• [Exercise input]:
(* Fix $\theta$ with $\phi(\theta)<\beta$. Then $s_1(\theta,\tau^\star(\theta))<\beta$ if and only if $\tau_1^d(\theta)>\tau_2^d(\theta)$. Consequently $s_1(\theta,\tau^\star(\theta))>\beta$ if and only if $\tau_1^d(\theta)<\tau_2^d(\theta)$.
   Context: Setup. Let $Q\in\{0,1\}$ be a random variable with $\mathbb P(Q=1)=\pi\in(0,1)$, and let $(\Theta,\Gamma)$ be a real-valued random vector whose conditional joint density given $Q=1$ is $h_q$ and given $Q=0$ is $h_u$, both strictly positive on $\mathbb R^2$. Monotone likelihood ratio assumption: $l(\theta,\gamma)=h_q(\theta,\gamma)/h_u(\theta,\gamma)$ is continuous and strictly increasing in each of $\theta$ and $\gamma$, and for each $\theta$ the map $\gamma\mapsto l(\theta,\gamma)$ has infimum $0$ and supremum $+\infty$. Fix payoffs $x_q>0$, $x_u>0$. For $\tau\in(-x_u,x_q)$ let $A(\tau)=\mathbb 1\{l(\Theta,\Gamma)>\frac{(1-\pi)(x_u+\tau)}{\pi(x_q-\tau)}\}$, $s_1(\theta,\tau)=\mathbb E[Q\mid\Theta=\theta,A(\tau)=1]$, $s_2(\theta,\tau)=\mathbb E[A(\tau)\mid\Theta=\theta]$, $\phi(\theta)=\mathbb P(Q=1\mid\Theta=\theta)$. The equalizing prejudice $\tau^\star(\theta)$ is the unique $\tau\in(-x_u,x_q)$ with $s_1(\theta,\tau)=s_2(\theta,\tau)$. Fix a cutoff $c\in(-x_u,x_q)$ and let $\beta=(x_u+c)/(x_q+x_u)\in(0,1)$. The critical prejudice $\tau_k^d(\theta)$, $k=1,2$, is the unique $\tau\in(-x_u,x_q)$ with $s_k(\theta,\tau)=\beta$ (it exists for $k=1$ when $\phi(\theta)<\beta$, and always for $k=2$). *)

theory Defs
  imports "HOL-Analysis.Analysis"
begin

text \<open>Conditional densities: hq (given Q=1), hu (given Q=0) of (Theta, Gamma),
  written curried as h theta gamma. p is pi = P(Q=1).\<close>

definition lr :: "(real \<Rightarrow> real \<Rightarrow> real) \<Rightarrow> (real \<Rightarrow> real \<Rightarrow> real) \<Rightarrow> real \<Rightarrow> real \<Rightarrow> real" where
  "lr hq hu \<theta> \<gamma> = hq \<theta> \<gamma> / hu \<theta> \<gamma>"

definition thr :: "real \<Rightarrow> real \<Rightarrow> real \<Rightarrow> real \<Rightarrow> real" where
  "thr p xq xu \<tau> = (1 - p) * (xu + \<tau>) / (p * (xq - \<tau>))"

definition accSet :: "(real \<Rightarrow> real \<Rightarrow> real) \<Rightarrow> (real \<Rightarrow> real \<Rightarrow> real) \<Rightarrow> real \<Rightarrow> real \<Rightarrow> real \<Rightarrow> real \<Rightarrow> real \<Rightarrow> real set" where
  "accSet hq hu p xq xu \<theta> \<tau> = {\<gamma>. lr hq hu \<theta> \<gamma> > thr p xq xu \<tau>}"

definition secm :: "(real \<Rightarrow> real \<Rightarrow> real) \<Rightarrow> real \<Rightarrow> real set \<Rightarrow> real" where
  "secm h \<theta> S = (\<integral>\<gamma>. indicator S \<gamma> * h \<theta> \<gamma> \<partial>lborel)"

text \<open>phi(theta) = P(Q=1 | Theta=theta).\<close>
definition phi :: "(real \<Rightarrow> real \<Rightarrow> real) \<Rightarrow> (real \<Rightarrow> real \<Rightarrow> real) \<Rightarrow> real \<Rightarrow> real \<Rightarrow> real" where
  "phi hq hu p \<theta> = p * secm hq \<theta> UNIV / (p * secm hq \<theta> UNIV + (1 - p) * secm hu \<theta> UNIV)"

text \<open>s1(theta,tau) = E[Q | Theta=theta, A(tau)=1].\<close>
definition s1 :: "(real \<Rightarrow> real \<Rightarrow> real) \<Rightarrow> (real \<Rightarrow> real \<Rightarrow> real) \<Rightarrow> real \<Rightarrow> real \<Rightarrow> real \<Rightarrow> real \<Rightarrow> real \<Rightarrow> real" where
  "s1 hq hu p xq xu \<theta> \<tau> =
     (let A = accSet hq hu p xq xu \<theta> \<tau> in
      p * secm hq \<theta> A / (p * secm hq \<theta> A + (1 - p) * secm hu \<theta> A))"

text \<open>s2(theta,tau) = E[A(tau) | Theta=theta].\<close>
definition s2 :: "(real \<Rightarrow> real \<Rightarrow> real) \<Rightarrow> (real \<Rightarrow> real \<Rightarrow> real) \<Rightarrow> real \<Rightarrow> real \<Rightarrow> real \<Rightarrow> real \<Rightarrow> real \<Rightarrow> real" where
  "s2 hq hu p xq xu \<theta> \<tau> =
     (let A = accSet hq hu p xq xu \<theta> \<tau> in
      (p * secm hq \<theta> A + (1 - p) * secm hu \<theta> A) /
      (p * secm hq \<theta> UNIV + (1 - p) * secm hu \<theta> UNIV))"

definition tau_star :: "(real \<Rightarrow> real \<Rightarrow> real) \<Rightarrow> (real \<Rightarrow> real \<Rightarrow> real) \<Rightarrow> real \<Rightarrow> real \<Rightarrow> real \<Rightarrow> real \<Rightarrow> real" where
  "tau_star hq hu p xq xu \<theta> =
     (THE \<tau>. \<tau> \<in> {-xu<..<xq} \<and> s1 hq hu p xq xu \<theta> \<tau> = s2 hq hu p xq xu \<theta> \<tau>)"

definition tau_d1 :: "(real \<Rightarrow> real \<Rightarrow> real) \<Rightarrow> (real \<Rightarrow> real \<Rightarrow> real) \<Rightarrow> real \<Rightarrow> real \<Rightarrow> real \<Rightarrow> real \<Rightarrow> real \<Rightarrow> real" where
  "tau_d1 hq hu p xq xu \<beta> \<theta> =
     (THE \<tau>. \<tau> \<in> {-xu<..<xq} \<and> s1 hq hu p xq xu \<theta> \<tau> = \<beta>)"

definition tau_d2 :: "(real \<Rightarrow> real \<Rightarrow> real) \<Rightarrow> (real \<Rightarrow> real \<Rightarrow> real) \<Rightarrow> real \<Rightarrow> real \<Rightarrow> real \<Rightarrow> real \<Rightarrow> real \<Rightarrow> real" where
  "tau_d2 hq hu p xq xu \<beta> \<theta> =
     (THE \<tau>. \<tau> \<in> {-xu<..<xq} \<and> s2 hq hu p xq xu \<theta> \<tau> = \<beta>)"

end

theory Submission
  imports Defs "HOL-Probability.Distribution_Functions"
begin

text \<open>
  Only the section at the fixed \<open>\<theta>\<close> matters. Since the likelihood ratio is continuous and
  strictly increasing in \<open>\<gamma>\<close> with range \<open>(0, \<infinity>)\<close>, every acceptance set \<open>A(\<tau>)\<close> is an
  upper ray \<open>{\<gamma>. a < \<gamma>}\<close> whose cutoff \<open>a\<close> increases with \<open>\<tau>\<close>. The monotone likelihood ratio
  passes to the upper tails, so the share \<open>s\<^sub>1\<close> of qualified candidates among the accepted
  strictly increases with the cutoff, while the acceptance rate \<open>s\<^sub>2\<close> strictly decreases.
  Thus \<open>\<tau>\<^sup>\<star>\<close> is the crossing of an increasing and a decreasing curve and \<open>\<tau>\<^sub>1\<^sup>d\<close>, \<open>\<tau>\<^sub>2\<^sup>d\<close>
  are their \<open>\<beta>\<close>-level points; a crossing below level \<open>\<beta>\<close> lies to the left of \<open>\<tau>\<^sub>1\<^sup>d\<close> and to
  the right of \<open>\<tau>\<^sub>2\<^sup>d\<close>, and one at or above level \<open>\<beta>\<close> does not lie strictly between them.
  All three points exist by the intermediate value theorem: as the cutoff tends to \<open>-\<infinity>\<close>,
  \<open>s\<^sub>1 \<rightarrow> \<phi>(\<theta>)\<close> and \<open>s\<^sub>2 \<rightarrow> 1\<close>; as it tends to \<open>+\<infinity>\<close>, \<open>s\<^sub>1 \<rightarrow> 1\<close> and \<open>s\<^sub>2 \<rightarrow> 0\<close>.
\<close>

lemma continuous_on_section:
  fixes h :: "'a::topological_space \<Rightarrow> 'b::topological_space \<Rightarrow> 'c::topological_space"
  assumes "continuous_on UNIV (\<lambda>(t, x). h t x)"
  shows "continuous_on UNIV (h t)"
  using continuous_on_compose2[OF assms continuous_on_Pair[OF continuous_on_const continuous_on_id]]
  by simp

lemma continuous_on_UNIV_attains:
  fixes f :: "real \<Rightarrow> real"
  assumes "continuous_on UNIV f" "f a \<le> y" "y \<le> f b"
  shows "\<exists>x. f x = y"
  using connectedD_interval[OF connected_continuous_image[OF assms(1) connected_UNIV], of "f a" "f b" y]
    assms(2,3) by auto

lemma continuous_on_UNIV_attains_between_limits:
  fixes f :: "real \<Rightarrow> real"
  assumes cont: "continuous_on UNIV f"
    and bot: "(f \<longlongrightarrow> l) at_bot" and top: "(f \<longlongrightarrow> m) at_top"
    and y: "min l m < y" "y < max l m"
  shows "\<exists>x. f x = y"
proof -
  have "(\<forall>\<^sub>F x in at_bot. f x < y) \<or> (\<forall>\<^sub>F x in at_top. f x < y)"
    using y order_tendstoD(2)[OF bot] order_tendstoD(2)[OF top] by (cases "l < y") auto
  then obtain a where "f a < y"
    by (auto simp: eventually_at_bot_linorder eventually_at_top_linorder)
  moreover have "(\<forall>\<^sub>F x in at_bot. y < f x) \<or> (\<forall>\<^sub>F x in at_top. y < f x)"
    using y order_tendstoD(1)[OF bot] order_tendstoD(1)[OF top] by (cases "y < l") auto
  then obtain b where "y < f b"
    by (auto simp: eventually_at_bot_linorder eventually_at_top_linorder)
  ultimately show ?thesis
    using continuous_on_UNIV_attains[OF cont, of a y b] by simp
qed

• [Task objective]:
What belongs in the answer is each line from the listing above that contains "using".

• [Completed task]:
  using continuous_on_compose2[OF assms continuous_on_Pair[OF continuous_on_const continuous_on_id]]
  using connectedD_interval[OF connected_continuous_image[OF assms(1) connected_UNIV], of "f a" "f b" y]
    using y order_tendstoD(2)[OF bot] order_tendstoD(2)[OF top] by (cases "l < y") auto
    using y order_tendstoD(1)[OF bot] order_tendstoD(1)[OF top] by (cases "y < l") auto
    using continuous_on_UNIV_attains[OF cont, of a y b] by simp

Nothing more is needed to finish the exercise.